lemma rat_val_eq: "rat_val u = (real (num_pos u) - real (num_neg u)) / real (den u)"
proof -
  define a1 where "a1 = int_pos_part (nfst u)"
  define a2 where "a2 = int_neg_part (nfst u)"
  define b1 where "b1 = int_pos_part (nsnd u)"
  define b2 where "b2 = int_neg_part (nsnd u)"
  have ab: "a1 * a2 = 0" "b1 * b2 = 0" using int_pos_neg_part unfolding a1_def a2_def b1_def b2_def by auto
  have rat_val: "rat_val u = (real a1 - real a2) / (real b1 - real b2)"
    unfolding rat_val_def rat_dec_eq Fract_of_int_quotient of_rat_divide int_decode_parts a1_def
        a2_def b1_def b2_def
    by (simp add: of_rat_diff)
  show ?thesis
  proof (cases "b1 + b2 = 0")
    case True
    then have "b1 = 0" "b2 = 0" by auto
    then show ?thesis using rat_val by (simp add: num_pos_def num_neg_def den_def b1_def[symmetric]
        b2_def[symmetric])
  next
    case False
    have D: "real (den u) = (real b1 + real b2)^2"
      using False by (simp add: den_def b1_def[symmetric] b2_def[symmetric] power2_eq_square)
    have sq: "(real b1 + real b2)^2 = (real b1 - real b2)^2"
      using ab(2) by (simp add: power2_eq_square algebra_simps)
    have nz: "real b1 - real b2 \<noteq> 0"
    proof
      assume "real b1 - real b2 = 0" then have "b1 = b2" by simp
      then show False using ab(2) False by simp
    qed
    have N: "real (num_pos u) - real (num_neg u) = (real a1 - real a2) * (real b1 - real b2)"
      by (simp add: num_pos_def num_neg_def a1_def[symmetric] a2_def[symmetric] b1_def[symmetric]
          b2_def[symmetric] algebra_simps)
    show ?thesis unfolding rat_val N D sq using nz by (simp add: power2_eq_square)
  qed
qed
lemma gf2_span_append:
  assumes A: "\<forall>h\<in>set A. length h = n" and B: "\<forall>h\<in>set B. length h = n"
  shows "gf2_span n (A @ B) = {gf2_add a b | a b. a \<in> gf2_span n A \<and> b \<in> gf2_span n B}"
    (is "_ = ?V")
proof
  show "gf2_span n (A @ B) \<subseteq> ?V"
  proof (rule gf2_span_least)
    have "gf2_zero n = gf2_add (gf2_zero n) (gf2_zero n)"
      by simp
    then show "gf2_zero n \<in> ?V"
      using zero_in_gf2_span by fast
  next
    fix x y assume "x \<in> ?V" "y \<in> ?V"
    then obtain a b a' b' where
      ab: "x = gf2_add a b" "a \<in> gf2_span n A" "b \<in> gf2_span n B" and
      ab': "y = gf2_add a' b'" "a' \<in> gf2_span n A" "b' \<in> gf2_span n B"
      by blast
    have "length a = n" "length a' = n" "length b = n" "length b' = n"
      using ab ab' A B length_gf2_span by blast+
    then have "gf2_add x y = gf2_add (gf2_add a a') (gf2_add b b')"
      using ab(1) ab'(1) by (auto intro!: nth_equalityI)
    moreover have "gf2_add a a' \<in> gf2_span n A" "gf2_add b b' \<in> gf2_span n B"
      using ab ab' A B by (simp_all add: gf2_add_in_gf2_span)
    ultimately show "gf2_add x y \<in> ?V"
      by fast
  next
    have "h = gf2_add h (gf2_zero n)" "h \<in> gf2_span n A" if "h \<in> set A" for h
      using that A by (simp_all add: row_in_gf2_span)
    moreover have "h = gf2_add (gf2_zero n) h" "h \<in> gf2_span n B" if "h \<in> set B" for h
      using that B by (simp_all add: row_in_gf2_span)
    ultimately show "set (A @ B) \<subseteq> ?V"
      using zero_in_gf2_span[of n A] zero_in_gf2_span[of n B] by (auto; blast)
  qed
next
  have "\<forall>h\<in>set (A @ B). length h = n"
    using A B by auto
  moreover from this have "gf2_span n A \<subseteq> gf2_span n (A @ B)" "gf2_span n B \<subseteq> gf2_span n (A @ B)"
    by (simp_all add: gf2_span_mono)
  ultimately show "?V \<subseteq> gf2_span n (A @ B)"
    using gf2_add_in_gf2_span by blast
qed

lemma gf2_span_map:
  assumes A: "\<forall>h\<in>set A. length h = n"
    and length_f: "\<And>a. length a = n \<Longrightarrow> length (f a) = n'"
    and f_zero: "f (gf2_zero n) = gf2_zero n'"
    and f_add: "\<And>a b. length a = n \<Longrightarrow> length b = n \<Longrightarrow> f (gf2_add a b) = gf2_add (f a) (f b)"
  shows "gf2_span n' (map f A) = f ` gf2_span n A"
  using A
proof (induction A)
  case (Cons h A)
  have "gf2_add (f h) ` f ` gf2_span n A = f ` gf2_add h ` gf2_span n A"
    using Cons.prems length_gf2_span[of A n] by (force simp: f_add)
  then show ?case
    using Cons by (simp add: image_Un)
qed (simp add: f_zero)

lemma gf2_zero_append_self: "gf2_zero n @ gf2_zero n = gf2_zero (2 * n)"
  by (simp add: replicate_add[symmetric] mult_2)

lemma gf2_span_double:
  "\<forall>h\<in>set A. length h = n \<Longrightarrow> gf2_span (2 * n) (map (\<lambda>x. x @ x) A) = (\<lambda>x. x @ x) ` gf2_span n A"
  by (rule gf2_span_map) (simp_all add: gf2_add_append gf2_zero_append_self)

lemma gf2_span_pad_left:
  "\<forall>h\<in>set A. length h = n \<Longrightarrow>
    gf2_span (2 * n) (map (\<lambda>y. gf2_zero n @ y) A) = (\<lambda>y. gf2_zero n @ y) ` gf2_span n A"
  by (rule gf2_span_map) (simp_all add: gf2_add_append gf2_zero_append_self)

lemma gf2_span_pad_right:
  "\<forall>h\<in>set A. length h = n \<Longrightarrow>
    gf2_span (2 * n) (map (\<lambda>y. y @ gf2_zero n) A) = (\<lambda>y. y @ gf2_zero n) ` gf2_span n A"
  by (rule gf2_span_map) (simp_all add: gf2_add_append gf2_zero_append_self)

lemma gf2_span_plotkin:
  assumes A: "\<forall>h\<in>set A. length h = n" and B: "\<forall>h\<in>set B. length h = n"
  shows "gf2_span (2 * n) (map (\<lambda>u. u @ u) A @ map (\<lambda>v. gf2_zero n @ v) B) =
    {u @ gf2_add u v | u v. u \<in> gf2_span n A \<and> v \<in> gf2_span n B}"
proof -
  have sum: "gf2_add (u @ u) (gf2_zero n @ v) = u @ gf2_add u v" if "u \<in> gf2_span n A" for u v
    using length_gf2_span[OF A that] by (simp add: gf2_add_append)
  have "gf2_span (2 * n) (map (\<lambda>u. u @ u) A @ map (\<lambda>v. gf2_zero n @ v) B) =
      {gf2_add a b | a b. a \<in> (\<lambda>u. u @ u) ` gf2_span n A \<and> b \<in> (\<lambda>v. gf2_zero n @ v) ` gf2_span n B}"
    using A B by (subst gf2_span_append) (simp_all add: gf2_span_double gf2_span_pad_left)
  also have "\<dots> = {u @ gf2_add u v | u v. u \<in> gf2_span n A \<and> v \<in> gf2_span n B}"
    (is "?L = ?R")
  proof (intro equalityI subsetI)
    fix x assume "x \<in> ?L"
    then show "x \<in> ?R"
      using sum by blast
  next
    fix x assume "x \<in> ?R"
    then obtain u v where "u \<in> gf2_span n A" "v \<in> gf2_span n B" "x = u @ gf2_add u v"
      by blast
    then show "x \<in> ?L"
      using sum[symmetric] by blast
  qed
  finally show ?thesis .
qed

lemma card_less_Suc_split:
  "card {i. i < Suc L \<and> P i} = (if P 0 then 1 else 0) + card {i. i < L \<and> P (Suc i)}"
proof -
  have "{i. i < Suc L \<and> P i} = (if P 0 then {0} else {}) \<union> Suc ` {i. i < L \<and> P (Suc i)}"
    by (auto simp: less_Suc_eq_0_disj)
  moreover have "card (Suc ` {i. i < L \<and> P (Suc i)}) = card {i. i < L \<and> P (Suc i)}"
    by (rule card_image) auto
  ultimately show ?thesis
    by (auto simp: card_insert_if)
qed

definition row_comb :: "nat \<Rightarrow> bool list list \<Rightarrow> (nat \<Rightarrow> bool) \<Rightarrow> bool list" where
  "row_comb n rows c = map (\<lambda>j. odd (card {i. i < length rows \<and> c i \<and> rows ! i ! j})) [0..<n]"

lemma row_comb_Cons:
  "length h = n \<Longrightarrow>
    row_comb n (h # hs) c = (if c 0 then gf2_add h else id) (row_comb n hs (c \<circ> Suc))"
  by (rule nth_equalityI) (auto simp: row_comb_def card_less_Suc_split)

------------------------------------------------------------

◆ YOUR GOAL
From the records above, extract exactly and only the lines that begin at the line with "u) (gf2_zero n" and stop after the line with "bool list list".

◆ EXERCISE OUTPUT
  have sum: "gf2_add (u @ u) (gf2_zero n @ v) = u @ gf2_add u v" if "u \<in> gf2_span n A" for u v
    using length_gf2_span[OF A that] by (simp add: gf2_add_append)
  have "gf2_span (2 * n) (map (\<lambda>u. u @ u) A @ map (\<lambda>v. gf2_zero n @ v) B) =
      {gf2_add a b | a b. a \<in> (\<lambda>u. u @ u) ` gf2_span n A \<and> b \<in> (\<lambda>v. gf2_zero n @ v) ` gf2_span n B}"
    using A B by (subst gf2_span_append) (simp_all add: gf2_span_double gf2_span_pad_left)
  also have "\<dots> = {u @ gf2_add u v | u v. u \<in> gf2_span n A \<and> v \<in> gf2_span n B}"
    (is "?L = ?R")
  proof (intro equalityI subsetI)
    fix x assume "x \<in> ?L"
    then show "x \<in> ?R"
      using sum by blast
  next
    fix x assume "x \<in> ?R"
    then obtain u v where "u \<in> gf2_span n A" "v \<in> gf2_span n B" "x = u @ gf2_add u v"
      by blast
    then show "x \<in> ?L"
      using sum[symmetric] by blast
  qed
  finally show ?thesis .
qed

lemma card_less_Suc_split:
  "card {i. i < Suc L \<and> P i} = (if P 0 then 1 else 0) + card {i. i < L \<and> P (Suc i)}"
proof -
  have "{i. i < Suc L \<and> P i} = (if P 0 then {0} else {}) \<union> Suc ` {i. i < L \<and> P (Suc i)}"
    by (auto simp: less_Suc_eq_0_disj)
  moreover have "card (Suc ` {i. i < L \<and> P (Suc i)}) = card {i. i < L \<and> P (Suc i)}"
    by (rule card_image) auto
  ultimately show ?thesis
    by (auto simp: card_insert_if)
qed

definition row_comb :: "nat \<Rightarrow> bool list list \<Rightarrow> (nat \<Rightarrow> bool) \<Rightarrow> bool list" where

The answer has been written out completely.